(* Let $L\ge1$ and $n\ge2$ be integers, let $0<f_s<f_c<f_p$ with $f_c=\frac{f_p-f_s}{n-1}$, let $M_1=-\lfloor L/2\rfloor$, $M_2=\lfloor (L-1)/2\rfloor$, and for $\xi\in\{1,\dots,nL\}$ let $\mathcal{F}(\xi)=\big(\lceil \xi/n\rceil-\lfloor L/2\rfloor-1\big)f_p+\big((\xi-1)\bmod n\big)f_c$ and $I_\xi=[\mathcal{F}(\xi),\mathcal{F}(\xi)+f_s]$. Let $N_{\mathrm{sig}}\ge1$ and let $f_1^{\min}<f_1^{\max}<f_2^{\min}<\dots<f_{N_{\mathrm{sig}}}^{\min}<f_{N_{\mathrm{sig}}}^{\max}$ be reals in $[M_1f_p,(M_2+1)f_p]$, with $B_j=f_j^{\max}-f_j^{\min}$, $\mathcal{B}=\sum_{j}B_j$ and $\mathcal{T}=\bigcup_j[f_j^{\min},f_j^{\max})$. Let $\Sigma=\{\xi\in\{1,\dots,nL\}: I_\xi\cap\mathcal{T} \text{ has positive length}\}$. If $$2\sum_{j=1}^{N_{\mathrm{sig}}}\Big(n\big\lfloor \tfrac{B_j}{f_p}\big\rfloor+\Big\lceil \tfrac{\operatorname{mod}(B_j,f_p)}{f_c}\Big\rceil+1\Big)f_s+2N_{\mathrm{sig}}f_c\le\mathcal{B},$$ then $$2|\Sigma|\,f_s+2N_{\mathrm{sig}}f_c\le\mathcal{B}.$$
   Context: $\operatorname{mod}(B,f_p)=B-f_p\lfloor B/f_p\rfloor$. Row $\xi$ of the signal matrix represents the spectrum on $I_\xi$, so $\Sigma$ plays the role of the row support $\operatorname{supp}(\mathbf{X})$ of the signal matrix. The quantity $2|\Sigma|f_s+\mathcal{B}+2N_{\mathrm{sig}}f_c$ is an upper bound on the overall sampling rate of the scheme, and the conclusion states it is at most $2\mathcal{B}$. *)

theory Defs
  imports "HOL-Analysis.Analysis"
begin

definition chanF :: "nat \<Rightarrow> nat \<Rightarrow> real \<Rightarrow> real \<Rightarrow> nat \<Rightarrow> real" where
  "chanF L n fp fc xi =
     real_of_int (\<lceil>real xi / real n\<rceil> - int (L div 2) - 1) * fp
     + real ((xi - 1) mod n) * fc"

definition chanI :: "nat \<Rightarrow> nat \<Rightarrow> real \<Rightarrow> real \<Rightarrow> real \<Rightarrow> nat \<Rightarrow> real set" where
  "chanI L n fp fc fs xi = {chanF L n fp fc xi .. chanF L n fp fc xi + fs}"

definition sigT :: "nat \<Rightarrow> (nat \<Rightarrow> real) \<Rightarrow> (nat \<Rightarrow> real) \<Rightarrow> real set" where
  "sigT N fmin fmax = (\<Union>j\<in>{1..N}. {fmin j ..< fmax j})"

definition activeSet :: "nat \<Rightarrow> nat \<Rightarrow> real \<Rightarrow> real \<Rightarrow> real \<Rightarrow> nat \<Rightarrow> (nat \<Rightarrow> real) \<Rightarrow> (nat \<Rightarrow> real) \<Rightarrow> nat set" where
  "activeSet L n fp fc fs N fmin fmax =
     {xi \<in> {1..n*L}. emeasure lborel (chanI L n fp fc fs xi \<inter> sigT N fmin fmax) > 0}"

definition rmod :: "real \<Rightarrow> real \<Rightarrow> real" where
  "rmod B fp = B - fp * real_of_int \<lfloor>B / fp\<rfloor>"

end

theory Submission
  imports Defs
begin

text \<open>Channel \<xi> starts at \<open>c + offset (\<xi> - 1)\<close> with \<open>c = -\<lfloor>L/2\<rfloor> f\<^sub>p\<close> and
  \<open>offset m = \<lfloor>m/n\<rfloor> f\<^sub>p + (m mod n) f\<^sub>c\<close>. The offsets advance by \<open>f\<^sub>p\<close> every \<open>n\<close> steps and
  by at least \<open>(t - 1) f\<^sub>c + f\<^sub>s\<close> over \<open>t \<le> n\<close> steps. A channel meets the band \<open>[f\<^sub>j\<^sup>m\<^sup>i\<^sup>n, f\<^sub>j\<^sup>m\<^sup>a\<^sup>x)\<close>
  in positive length only if it starts in the open window \<open>(f\<^sub>j\<^sup>m\<^sup>i\<^sup>n - f\<^sub>s, f\<^sub>j\<^sup>m\<^sup>a\<^sup>x)\<close> of length
  \<open>B\<^sub>j + f\<^sub>s\<close>, and the spacing of the offsets allows at most
  \<open>n \<lfloor>B\<^sub>j/f\<^sub>p\<rfloor> + \<lceil>mod(B\<^sub>j, f\<^sub>p)/f\<^sub>c\<rceil> + 1\<close> starts in such a window. A union bound over the
  bands bounds \<open>|\<Sigma>|\<close>, and the hypothesis concludes.\<close>

lemma rmod_eq_frac: "fp \<noteq> 0 \<Longrightarrow> rmod B fp = fp * frac (B / fp)"
  by (simp add: rmod_def frac_def algebra_simps)

lemma rmod_nonneg: "fp > 0 \<Longrightarrow> 0 \<le> rmod B fp"
  by (simp add: rmod_eq_frac)

lemma rmod_less: "fp > 0 \<Longrightarrow> rmod B fp < fp"
  using frac_lt_1[of "B / fp"] by (simp add: rmod_eq_frac)

lemma ceiling_of_nat_divide:
  assumes "n > 0" "xi \<ge> 1"
  shows "\<lceil>real xi / real n\<rceil> = int ((xi - 1) div n) + 1"
proof -
  define d e where "d = (xi - 1) div n" and "e = (xi - 1) mod n"
  have xi: "xi = d * n + e + 1" using assms by (simp add: d_def e_def)
  have "e < n" using assms by (simp add: e_def)
  then have "real d * real n < real xi" "real xi \<le> (real d + 1) * real n"
    using xi by (simp_all add: algebra_simps)
  then have "real d < real xi / real n" "real xi / real n \<le> real d + 1"
    using assms by (simp_all add: field_simps)
  then show ?thesis by (simp add: ceiling_eq_iff d_def)
qed

lemma emeasure_pos_imp_meets_sigT:
  assumes "0 < emeasure lborel ({s..s + w} \<inter> sigT N fmin fmax)"
  shows "\<exists>j\<in>{1..N}. fmin j - w < s \<and> s < fmax j"
proof (rule ccontr)
  assume disjoint: "\<not> ?thesis"
  have "{s..s + w} \<inter> sigT N fmin fmax \<subseteq> {s + w}"
  proof
    fix x assume x: "x \<in> {s..s + w} \<inter> sigT N fmin fmax"
    then obtain j where "j \<in> {1..N}" "fmin j \<le> x" "x < fmax j" by (auto simp: sigT_def)
    with disjoint x show "x \<in> {s + w}" by force
  qed
  then have "emeasure lborel ({s..s + w} \<inter> sigT N fmin fmax) \<le> emeasure lborel {s + w}"
    by (intro emeasure_mono) auto
  with assms show False by simp
qed

definition band_channel_bound :: "nat \<Rightarrow> real \<Rightarrow> real \<Rightarrow> real \<Rightarrow> int" where
  "band_channel_bound n fp fc B = int n * \<lfloor>B / fp\<rfloor> + \<lceil>rmod B fp / fc\<rceil> + 1"

locale channel_grid =
  fixes n :: nat and fp fc fs :: real
  assumes n_pos: "n > 0" and fs_pos: "0 < fs" and fs_le_fc: "fs \<le> fc"
    and fp_ge: "real (n - 1) * fc + fs \<le> fp"
begin

definition offset :: "nat \<Rightarrow> real" where
  "offset m = real (m div n) * fp + real (m mod n) * fc"

definition starts_between :: "nat \<Rightarrow> real \<Rightarrow> real \<Rightarrow> real \<Rightarrow> nat set" where
  "starts_between K c a b = {m. m < K \<and> a < c + offset m \<and> c + offset m < b}"

lemma fc_pos: "fc > 0"
  using fs_pos fs_le_fc by simp

lemma fp_pos: "fp > 0"
proof -
  have "0 \<le> real (n - 1) * fc" using fc_pos by simp
  with fp_ge fs_pos show ?thesis by linarith
qed

lemma offset_add_period: "offset (m + n * q) = offset m + real q * fp"
  using n_pos by (simp add: offset_def algebra_simps)

lemma offset_add_ge:
  assumes "1 \<le> t" "t \<le> n"
  shows "offset m + real (t - 1) * fc + fs \<le> offset (m + t)"
proof -
  define d e where "d = m div n" and "e = m mod n"
  have m: "m = e + n * d" and "e < n" using n_pos by (simp_all add: d_def e_def)
  show ?thesis
  proof (cases "e + t < n")
    case True
    then have "(m + t) div n = d" "(m + t) mod n = e + t"
      by (simp_all add: m add.commute[of _ t] add.assoc[symmetric])
    then have "offset (m + t) = offset m + real t * fc"
      by (simp add: offset_def d_def e_def algebra_simps)
    with assms fs_le_fc show ?thesis by (simp add: of_nat_diff algebra_simps)
  next
    case False
    have mt: "m + t = (e + t - n) + n * (d + 1)" using False m by simp
    have "e + t - n < n" using \<open>e < n\<close> assms by simp
    then have "(m + t) div n = d + 1" "(m + t) mod n = e + t - n"
      unfolding mt using n_pos by (simp_all only: div_mult_self2 mod_mult_self2) simp_all
    then have "offset (m + t) = offset m + fp - real (n - t) * fc"
      using False assms by (simp add: offset_def d_def e_def of_nat_diff algebra_simps)
    with assms fp_ge show ?thesis by (simp add: of_nat_diff algebra_simps)
  qed
qed

lemma strict_mono_offset: "strict_mono offset"
proof (rule strict_monoI_Suc)
  fix m show "offset m < offset (Suc m)"
    using offset_add_ge[of 1 m] n_pos fs_pos by simp
qed

text \<open>With \<open>B = q f\<^sub>p + r\<close>, \<open>0 \<le> r < f\<^sub>p\<close>: after \<open>n q + u + 1\<close> steps the offset has grown by
  \<open>q f\<^sub>p + u f\<^sub>c + f\<^sub>s\<close> if \<open>u < n\<close>, and by \<open>(q + 1) f\<^sub>p + f\<^sub>s\<close> otherwise.\<close>
lemma offset_span_le:
  assumes span: "offset m' < offset m + real q * fp + r + fs"
    and "r < fp" and "r \<le> real u * fc"
  shows "m' \<le> m + n * q + u"
proof (rule ccontr)
  assume "\<not> ?thesis"
  then have far: "m + n * q + (u + 1) \<le> m'" by simp
  show False
  proof (cases "u < n")
    case True
    have "offset m + real q * fp + real u * fc + fs \<le> offset (m + n * q + (u + 1))"
      using offset_add_ge[of "u + 1" "m + n * q"] True by (simp add: offset_add_period)
    also have "\<dots> \<le> offset m'"
      using far strict_mono_offset by (simp add: strict_mono_less_eq)
    finally show False using span assms by simp
  next
    case False
    have "offset m + fs + real (q + 1) * fp \<le> offset (Suc m) + real (q + 1) * fp"
      using offset_add_ge[of 1 m] n_pos by simp
    also have "\<dots> = offset (Suc m + n * (q + 1))"
      by (rule offset_add_period[symmetric])
    also have "\<dots> \<le> offset m'"
      using far False strict_mono_offset by (simp add: strict_mono_less_eq)
    finally show False using span assms by (simp add: algebra_simps)
  qed
qed

lemma card_le_of_offset_diameter:
  assumes "finite S" and "B \<ge> 0"
    and diameter: "\<And>m m'. m \<in> S \<Longrightarrow> m' \<in> S \<Longrightarrow> offset m' < offset m + B + fs"
  shows "int (card S) \<le> band_channel_bound n fp fc B"
proof -
  define q where "q = nat \<lfloor>B / fp\<rfloor>"
  define r where "r = rmod B fp"
  define u where "u = nat \<lceil>r / fc\<rceil>"
  have r_bounds: "0 \<le> r" "r < fp" using rmod_nonneg rmod_less fp_pos by (simp_all add: r_def)
  have q: "int q = \<lfloor>B / fp\<rfloor>" using \<open>B \<ge> 0\<close> fp_pos by (simp add: q_def)
  have "0 \<le> r / fc" using r_bounds fc_pos by simp
  then have u: "int u = \<lceil>r / fc\<rceil>" by (simp add: u_def)
  have "real q = of_int \<lfloor>B / fp\<rfloor>" "real u = of_int \<lceil>r / fc\<rceil>"
    using q u by (metis of_int_of_nat_eq)+
  then have B: "B = real q * fp + r" and "r \<le> real u * fc"
    using fc_pos by (simp_all add: r_def rmod_def pos_divide_le_eq[symmetric])
  have "card S \<le> n * q + u + 1"
  proof (cases "S = {}")
    case False
    define m0 m1 where "m0 = Min S" and "m1 = Max S"
    have "m0 \<in> S" "m1 \<in> S" using \<open>finite S\<close> False by (simp_all add: m0_def m1_def)
    then have "offset m1 < offset m0 + real q * fp + r + fs"
      using diameter B by (metis add.assoc)
    then have "m1 \<le> m0 + n * q + u"
      using r_bounds(2) \<open>r \<le> real u * fc\<close> by (rule offset_span_le)
    moreover have "S \<subseteq> {m0..m1}" using \<open>finite S\<close> by (auto simp: m0_def m1_def)
    then have "card S \<le> Suc m1 - m0" using card_mono[of "{m0..m1}" S] by simp
    ultimately show ?thesis by linarith
  qed simp
  then have "int (card S) \<le> int (n * q + u + 1)" by (rule of_nat_mono)
  then show ?thesis by (simp add: band_channel_bound_def flip: q u r_def)
qed

lemma card_starts_between_le:
  "a \<le> b \<Longrightarrow> int (card (starts_between K c (a - fs) b)) \<le> band_channel_bound n fp fc (b - a)"
  by (intro card_le_of_offset_diameter) (auto simp: starts_between_def)

lemma chanF_eq_offset:
  "xi \<ge> 1 \<Longrightarrow> chanF L n fp fc xi = - real (L div 2) * fp + offset (xi - 1)"
  unfolding chanF_def offset_def ceiling_of_nat_divide[OF n_pos]
  by (simp add: algebra_simps)

lemma activeSet_subset_starts_between:
  "activeSet L n fp fc fs N fmin fmax
     \<subseteq> (\<Union>j\<in>{1..N}. Suc ` starts_between (n * L) (- real (L div 2) * fp) (fmin j - fs) (fmax j))"
proof
  fix xi assume "xi \<in> activeSet L n fp fc fs N fmin fmax"
  then have xi: "xi \<in> {1..n * L}"
    and "0 < emeasure lborel ({chanF L n fp fc xi..chanF L n fp fc xi + fs} \<inter> sigT N fmin fmax)"
    by (auto simp: activeSet_def chanI_def)
  then obtain j where "j \<in> {1..N}" "fmin j - fs < chanF L n fp fc xi" "chanF L n fp fc xi < fmax j"
    using emeasure_pos_imp_meets_sigT by blast
  with xi have "xi - 1 \<in> starts_between (n * L) (- real (L div 2) * fp) (fmin j - fs) (fmax j)"
    using chanF_eq_offset[of xi L] by (auto simp: starts_between_def)
  moreover have "xi = Suc (xi - 1)" using xi by simp
  ultimately show "xi \<in> (\<Union>j\<in>{1..N}.
      Suc ` starts_between (n * L) (- real (L div 2) * fp) (fmin j - fs) (fmax j))"
    using \<open>j \<in> {1..N}\<close> by blast
qed

lemma card_activeSet_le:
  assumes "\<And>j. j \<in> {1..N} \<Longrightarrow> fmin j \<le> fmax j"
  shows "real (card (activeSet L n fp fc fs N fmin fmax))
    \<le> (\<Sum>j=1..N. real_of_int (band_channel_bound n fp fc (fmax j - fmin j)))"
proof -
  define W where "W j = starts_between (n * L) (- real (L div 2) * fp) (fmin j - fs) (fmax j)" for j
  have "card (activeSet L n fp fc fs N fmin fmax) \<le> card (\<Union>j\<in>{1..N}. Suc ` W j)"
    using activeSet_subset_starts_between unfolding W_def
    by (intro card_mono) (auto simp: starts_between_def)
  also have "\<dots> \<le> (\<Sum>j=1..N. card (W j))"
    using card_UN_le[of "{1..N}" "\<lambda>j. Suc ` W j"] by (simp add: card_image)
  finally have "real (card (activeSet L n fp fc fs N fmin fmax)) \<le> (\<Sum>j=1..N. real (card (W j)))"
    by (metis of_nat_le_iff of_nat_sum)
  also have "\<dots> \<le> (\<Sum>j=1..N. real_of_int (band_channel_bound n fp fc (fmax j - fmin j)))"
  proof (rule sum_mono)
    fix j assume "j \<in> {1..N}"
    then have "int (card (W j)) \<le> band_channel_bound n fp fc (fmax j - fmin j)"
      unfolding W_def by (intro card_starts_between_le assms)
    then show "real (card (W j)) \<le> real_of_int (band_channel_bound n fp fc (fmax j - fmin j))"
      by (metis of_int_le_iff of_int_of_nat_eq)
  qed
  finally show ?thesis .
qed

end

theorem theorem1:
  fixes L n N :: nat and fs fc fp :: real and fmin fmax :: "nat \<Rightarrow> real"
  assumes "L \<ge> 1" and "n \<ge> 2"
    and "0 < fs" and "fs < fc" and "fc < fp"
    and "fc = (fp - fs) / real (n - 1)"
    and "N \<ge> 1"
    and "\<And>j. j \<in> {1..N} \<Longrightarrow> fmin j < fmax j"
    and "\<And>j. j \<in> {1..<N} \<Longrightarrow> fmax j < fmin (j + 1)"
    and "\<And>j. j \<in> {1..N} \<Longrightarrow>
           - real (L div 2) * fp \<le> fmin j \<and> fmax j \<le> (real ((L - 1) div 2) + 1) * fp"
    and "2 * (\<Sum>j=1..N. real_of_int (int n * \<lfloor>(fmax j - fmin j) / fp\<rfloor>
                 + \<lceil>rmod (fmax j - fmin j) fp / fc\<rceil> + 1) * fs)
         + 2 * real N * fc \<le> (\<Sum>j=1..N. fmax j - fmin j)"
  shows "2 * real (card (activeSet L n fp fc fs N fmin fmax)) * fs + 2 * real N * fc
         \<le> (\<Sum>j=1..N. fmax j - fmin j)"
proof -
  have "real (n - 1) > 0" using assms(2) by simp
  then have "real (n - 1) * fc + fs = fp" using assms(6) by (simp add: field_simps)
  then interpret channel_grid n fp fc fs
    using assms(2-4) by unfold_locales auto
  have "real (card (activeSet L n fp fc fs N fmin fmax)) * fs
    \<le> (\<Sum>j=1..N. real_of_int (band_channel_bound n fp fc (fmax j - fmin j))) * fs"
    using assms(8) fs_pos by (intro mult_right_mono card_activeSet_le) (simp_all add: less_imp_le)
  with assms(11) show ?thesis
    unfolding sum_distrib_right band_channel_bound_def by linarith
qed

end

◆ Exercise:
Copy all lines in the listing above where the string "intro" appears.

◆ Answer:
    by (intro emeasure_mono) auto
  by (intro card_le_of_offset_diameter) (auto simp: starts_between_def)
    by (intro card_mono) (auto simp: starts_between_def)
      unfolding W_def by (intro card_starts_between_le assms)
    using assms(8) fs_pos by (intro mult_right_mono card_activeSet_le) (simp_all add: less_imp_le)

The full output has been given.